Retournés à la vie sauvage ?
Retournés brutalement à l’état sauvage, ces animaux ne survivraient pas longtemps. Et qui dit que la vie sauvage est une partie de plaisir ? Savez-vous, demande Michael Pollan, qu’un ours qui attrape une brebis allaitante la mangera vivante, en commençant pas ses tétines ? Est-ce une fin supérieure à l’abattage dans des conditions raisonnables ? Et que dire des petits phoques dévorés par les orques quand ils se jettent à la mer pour la première fois ? La vie d’un animal sauvage est très souvent plus courte, plus difficile et plus dangereuse et sa mort plus violente que celle de ses congénères domestiques.
Moutons © Baronb
Le recours à des substituts artificiels
Si on supprimait l’utilisation de tout produit animal, poursuit-il, on serait amené à dépendre plus encore de produits artificiels pour nos vêtements, ou pour d’autres produits ménagers et domestiques : plastiques, composants chimiques…
Aussi, sans l’équilibre plante-animal dont elles dépendent étroitement, les fermes biologiques et bio-dynamiques disparaîtraient et se verraient remplacées par encore plus de fermes industrielles faisant usage d’un recours toujours plus massif aux pesticides et aux engrais chimiques.

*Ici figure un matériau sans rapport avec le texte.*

lemma lift_sheet_join:
  assumes e0: "e0 \<in> T" and g: "g \<in> loops_in S (p e0)" and g': "g' \<in> loops_in S (p e0)"
  shows "lift_sheet e0 (g +++ g') = (lift_sheet e0 g + lift_sheet e0 g') mod 2"
proof -
  obtain \<beta> where \<beta>: "is_path_lift T p \<beta> g" "pathstart \<beta> = e0"
    by (rule exists_path_lift[OF cov e0 g])
  obtain \<beta>' where \<beta>': "is_path_lift T p \<beta>' g'" "pathstart \<beta>' = e0"
    by (rule exists_path_lift[OF cov e0 g'])
  have \<sigma>e0: "\<sigma> e0 \<noteq> e0" "\<sigma> (\<sigma> e0) = e0"
    using \<sigma> e0 fibre_involution_involutive unfolding fibre_involution_def by auto
  note finish = pathfinish_lift_in_fibre[OF e0 g \<beta>] pathfinish_lift_in_fibre[OF e0 g' \<beta>']
  txt \<open>On the second sheet, continue with the lift of \<open>g'\<close> moved by the deck involution.\<close>
  define \<beta>'' where "\<beta>'' = (if pathfinish \<beta> = e0 then \<beta>' else \<sigma> \<circ> \<beta>')"
  have "is_path_lift T p \<beta>'' g'" "pathstart \<beta>'' = pathfinish \<beta>"
    using \<beta>' is_path_lift_fibre_involution[OF \<sigma>] finish(1) unfolding \<beta>''_def by (auto simp: pathstart_def)
  hence "lift_sheet e0 (g +++ g') = (if pathfinish \<beta>'' = e0 then 0 else 1)"
    using lift_sheet_eq[OF joinpaths_in_loops_in[OF g g'], of "\<beta> +++ \<beta>''"] \<beta>
      is_path_lift_join[of T p \<beta> g \<beta>'' g'] by simp
  moreover have "pathfinish \<beta>'' = (if pathfinish \<beta> = e0 then pathfinish \<beta>' else \<sigma> (pathfinish \<beta>'))"
    by (simp add: \<beta>''_def pathfinish_def)
  ultimately show ?thesis
    using lift_sheet_eq[OF g \<beta>] lift_sheet_eq[OF g' \<beta>'] finish \<sigma>e0 by auto
qed

lemma lift_sheet_image:
  assumes e0: "e0 \<in> T"
  shows "lift_sheet e0 ` loops_in S (p e0) = {0, 1}"
proof -
  have p: "continuous_on T p" "p ` T = S" using cov by (auto simp: covering_space_def)
  have \<sigma>e0: "\<sigma> e0 \<in> T" "\<sigma> e0 \<noteq> e0" using \<sigma> e0 unfolding fibre_involution_def by auto
  have const: "linepath (p e0) (p e0) \<in> loops_in S (p e0)" using e0 p by (auto simp: loops_in_def)
  have "is_path_lift T p (linepath e0 e0) (linepath (p e0) (p e0))"
    using e0 by (auto simp: is_path_lift_def)
  hence "lift_sheet e0 (linepath (p e0) (p e0)) = 0" using lift_sheet_eq[OF const] by simp
  hence zero: "0 \<in> lift_sheet e0 ` loops_in S (p e0)" using const by (metis image_eqI)
  obtain q where q: "path q" "path_image q \<subseteq> T" "pathstart q = e0" "pathfinish q = \<sigma> e0"
    using sc e0 \<sigma>e0 simply_connected_imp_path_connected unfolding path_connected_def by blast
  have pq: "p \<circ> q \<in> loops_in S (p e0)"
    using q p e0 \<sigma> unfolding loops_in_def fibre_involution_def
    by (auto intro!: path_continuous_image continuous_on_subset[OF p(1)]
        simp: path_image_compose pathstart_compose pathfinish_compose)
  have "is_path_lift T p q (p \<circ> q)" using q by (auto simp: is_path_lift_def)
  hence "lift_sheet e0 (p \<circ> q) = 1" using lift_sheet_eq[OF pq _ q(3)] q(4) \<sigma>e0(2) by simp
  hence "1 \<in> lift_sheet e0 ` loops_in S (p e0)" using pq by (metis image_eqI)
  moreover have "lift_sheet e0 ` loops_in S (p e0) \<subseteq> {0, 1}" by (auto simp: lift_sheet_def)
  ultimately show ?thesis using zero by blast
qed

lemma complete_loop_invariant_lift_sheet:
  assumes e0: "e0 \<in> T"
  shows "complete_loop_invariant S (p e0) (lift_sheet e0) (integer_mod_group 2)"
proof (rule complete_loop_invariantI)
  let ?L = "loops_in S (p e0)"
  show "lift_sheet e0 g = lift_sheet e0 g' \<longleftrightarrow> homotopic_paths S g g'" if g: "g \<in> ?L" and g': "g' \<in> ?L" for g g'
  proof -
    obtain \<beta> where \<beta>: "is_path_lift T p \<beta> g" "pathstart \<beta> = e0"
      by (rule exists_path_lift[OF cov e0 g])
    obtain \<beta>' where \<beta>': "is_path_lift T p \<beta>' g'" "pathstart \<beta>' = e0"
      by (rule exists_path_lift[OF cov e0 g'])
    have paths: "path g" "path_image g \<subseteq> S" "path g'" "path_image g' \<subseteq> S"
      using g g' by (auto simp: loops_in_def)
    have "\<sigma> e0 \<noteq> e0" using \<sigma> e0 unfolding fibre_involution_def by auto
    thus ?thesis
      using homotopic_paths_iff_lift_endpoints[OF cov sc paths \<beta>(1) \<beta>'(1)] \<beta>(2) \<beta>'(2)
        lift_sheet_eq[OF g \<beta>] lift_sheet_eq[OF g' \<beta>']
        pathfinish_lift_in_fibre[OF e0 g \<beta>] pathfinish_lift_in_fibre[OF e0 g' \<beta>'] by auto
  qed
  have carrier: "carrier (integer_mod_group 2) = {0, 1}"
    by (auto simp: carrier_integer_mod_group)
  show "lift_sheet e0 g \<in> carrier (integer_mod_group 2)" if "g \<in> ?L" for g
    using lift_sheet_image[OF e0] that carrier by blast
  show "carrier (integer_mod_group 2) \<subseteq> lift_sheet e0 ` ?L" using lift_sheet_image[OF e0] carrier by simp
  show "lift_sheet e0 (g +++ g') = lift_sheet e0 g \<otimes>\<^bsub>integer_mod_group 2\<^esub> lift_sheet e0 g'"
    if "g \<in> ?L" "g' \<in> ?L" for g g'
    using lift_sheet_join[OF e0 that] by (simp add: integer_mod_group_def)
qed

end

lemma covering_space_fibre_involution:
  fixes p :: "'a::real_normed_vector \<Rightarrow> 'b::real_normed_vector"
  assumes p: "continuous_on T p" and \<sigma>: "fibre_involution T p \<sigma>"
    and sheet: "\<And>x. x \<in> T \<Longrightarrow> \<exists>U q. x \<in> U \<and> openin (top_of_set T) U \<and> U \<inter> \<sigma> ` U = {} \<and>
                   openin (top_of_set (p ` T)) (p ` U) \<and> homeomorphism U (p ` U) p q"
  shows "covering_space T p (p ` T)"
proof (rule covering_spaceI[OF p refl])
  have \<sigma>T: "continuous_on T \<sigma>" "\<sigma> ` T \<subseteq> T" "\<And>x. x \<in> T \<Longrightarrow> p (\<sigma> x) = p x"
    using \<sigma> unfolding fibre_involution_def by auto
  have \<sigma>\<sigma>: "\<And>x. x \<in> T \<Longrightarrow> \<sigma> (\<sigma> x) = x" using fibre_involution_involutive[OF \<sigma>] .
  fix y assume "y \<in> p ` T"
  then obtain x where x: "x \<in> T" "y = p x" by auto
  obtain U q where U: "x \<in> U" "openin (top_of_set T) U" "U \<inter> \<sigma> ` U = {}"
      "openin (top_of_set (p ` T)) (p ` U)" "homeomorphism U (p ` U) p q"
    using sheet[OF x(1)] by blast
  have UT: "U \<subseteq> T" using U(2) by (rule openin_imp_subset)
  have \<sigma>U: "\<sigma> ` U = T \<inter> \<sigma> -` U"
  proof
    show "\<sigma> ` U \<subseteq> T \<inter> \<sigma> -` U" using UT \<sigma>T(2) \<sigma>\<sigma> by auto
    show "T \<inter> \<sigma> -` U \<subseteq> \<sigma> ` U" using \<sigma>\<sigma> by (metis IntE image_eqI subsetI vimageE)
  qed
  have "homeomorphism (\<sigma> ` U) U \<sigma> \<sigma>"
  proof (rule homeomorphismI)
    show "continuous_on (\<sigma> ` U) \<sigma>" "continuous_on U \<sigma>"
      using UT \<sigma>T(2) by (auto intro: continuous_on_subset[OF \<sigma>T(1)])
    show "\<sigma> ` \<sigma> ` U \<subseteq> U" "\<sigma> ` U \<subseteq> \<sigma> ` U" using UT \<sigma>\<sigma> by (auto simp: subset_iff)
    show "\<sigma> (\<sigma> x) = x" if "x \<in> \<sigma> ` U" for x using that UT \<sigma>T(2) \<sigma>\<sigma> by auto
    show "\<sigma> (\<sigma> y) = y" if "y \<in> U" for y using that UT \<sigma>\<sigma> by auto
  qed
  hence "homeomorphism (\<sigma> ` U) (p ` U) (p \<circ> \<sigma>) (\<sigma> \<circ> q)"
    using U(5) by (rule homeomorphism_compose)
  hence \<sigma>U_sheet: "homeomorphism (\<sigma> ` U) (p ` U) p (\<sigma> \<circ> q)"
    by (rule homeomorphism_cong) (use UT \<sigma>\<sigma> \<sigma>T(3) in \<open>auto simp: subset_iff\<close>)
  have preimage: "T \<inter> p -` (p ` U) = U \<union> \<sigma> ` U"
  proof
    show "T \<inter> p -` (p ` U) \<subseteq> U \<union> \<sigma> ` U"
    proof
      fix z assume "z \<in> T \<inter> p -` (p ` U)"
      then obtain u where "z \<in> T" "u \<in> U" "p z = p u" by auto
      hence "z = u \<or> z = \<sigma> u" using \<sigma> UT unfolding fibre_involution_def by blast
      thus "z \<in> U \<union> \<sigma> ` U" using \<open>u \<in> U\<close> by blast
    qed
    show "U \<union> \<sigma> ` U \<subseteq> T \<inter> p -` (p ` U)" using UT \<sigma>T by auto
  qed
  have "openin (top_of_set T) (\<sigma> ` U)"
    unfolding \<sigma>U by (rule continuous_openin_preimage[OF \<sigma>T(1) _ U(2)]) (use \<sigma>T(2) in auto)
  show "\<exists>W. y \<in> W \<and> openin (top_of_set (p ` T)) W \<and>
          (\<exists>v. \<Union>v = T \<inter> p -` W \<and> (\<forall>u\<in>v. openin (top_of_set T) u) \<and>
               pairwise disjnt v \<and> (\<forall>u\<in>v. \<exists>q. homeomorphism u W p q))"
  proof (intro exI conjI)
    show "y \<in> p ` U" using U(1) x(2) by blast
    show "openin (top_of_set (p ` T)) (p ` U)" by (rule U(4))
    show "\<Union>{U, \<sigma> ` U} = T \<inter> p -` (p ` U)" using preimage by simp
    show "\<forall>u\<in>{U, \<sigma> ` U}. openin (top_of_set T) u" using U(2) \<open>openin (top_of_set T) (\<sigma> ` U)\<close> by blast
    show "pairwise disjnt {U, \<sigma> ` U}" using U(3) by (auto simp: pairwise_def disjnt_def)
    show "\<forall>u\<in>{U, \<sigma> ` U}. \<exists>q. homeomorphism u (p ` U) p q" using U(5) \<sigma>U_sheet by blast
  qed
qed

Les régions où la production de nourriture végétale est insuffisante seraient contraintes d’importer massivement des denrées ou des aliments fabriqués industriellement dans d’autres parties du globe, augmentant d’autant l’impact carbone.
Une agriculture durable pour nourrir 10 milliards d’humains ?
Selon lui, le débat sur le veganisme soulève indirectement le problème de l’utilisation des terres agricoles. Les adeptes de cette philosophie soutiennent que leur régime permettrait une agriculture plus économe, puisqu’une grande quantité de terres est utilisée pour le pâturage et la production de plantes fourragères. Mais une étude américaine(1) montre que le meilleur régime pour une utilisation durable des terres agricoles n’est ni le régime carnivore, ni le régime vegan, mais l’ovo-lacto-végétarien, c’est-à-dire un régime végétarien qui inclut la consommation de produits laitiers, d’oeufs, de miel, etc.
En conclusion
Quand on examine tous les paramètres du problème, il semblerait qu’un régime alimentaire qui réduit la consommation de viande, voire l’élimine dans certaines conditions, selon l’âge et l’état de santé de la personne, mais qui inclut les oeufs, les produits laitiers, et autres produits animaux, serait le meilleur pour la santé comme pour le développement durable de la planète.
© Pressmaster
En ce qui concerne les autres dimensions, chacun décidera en son âme et conscience : veut-on vivre sans la compagnie des animaux ? Veut-on encourager l’agriculture intensive et le recours à la pétrochimie ? Grande question du XXIe siècle, l’alimentation continuera à nous préoccuper dans les mois et les années à venir.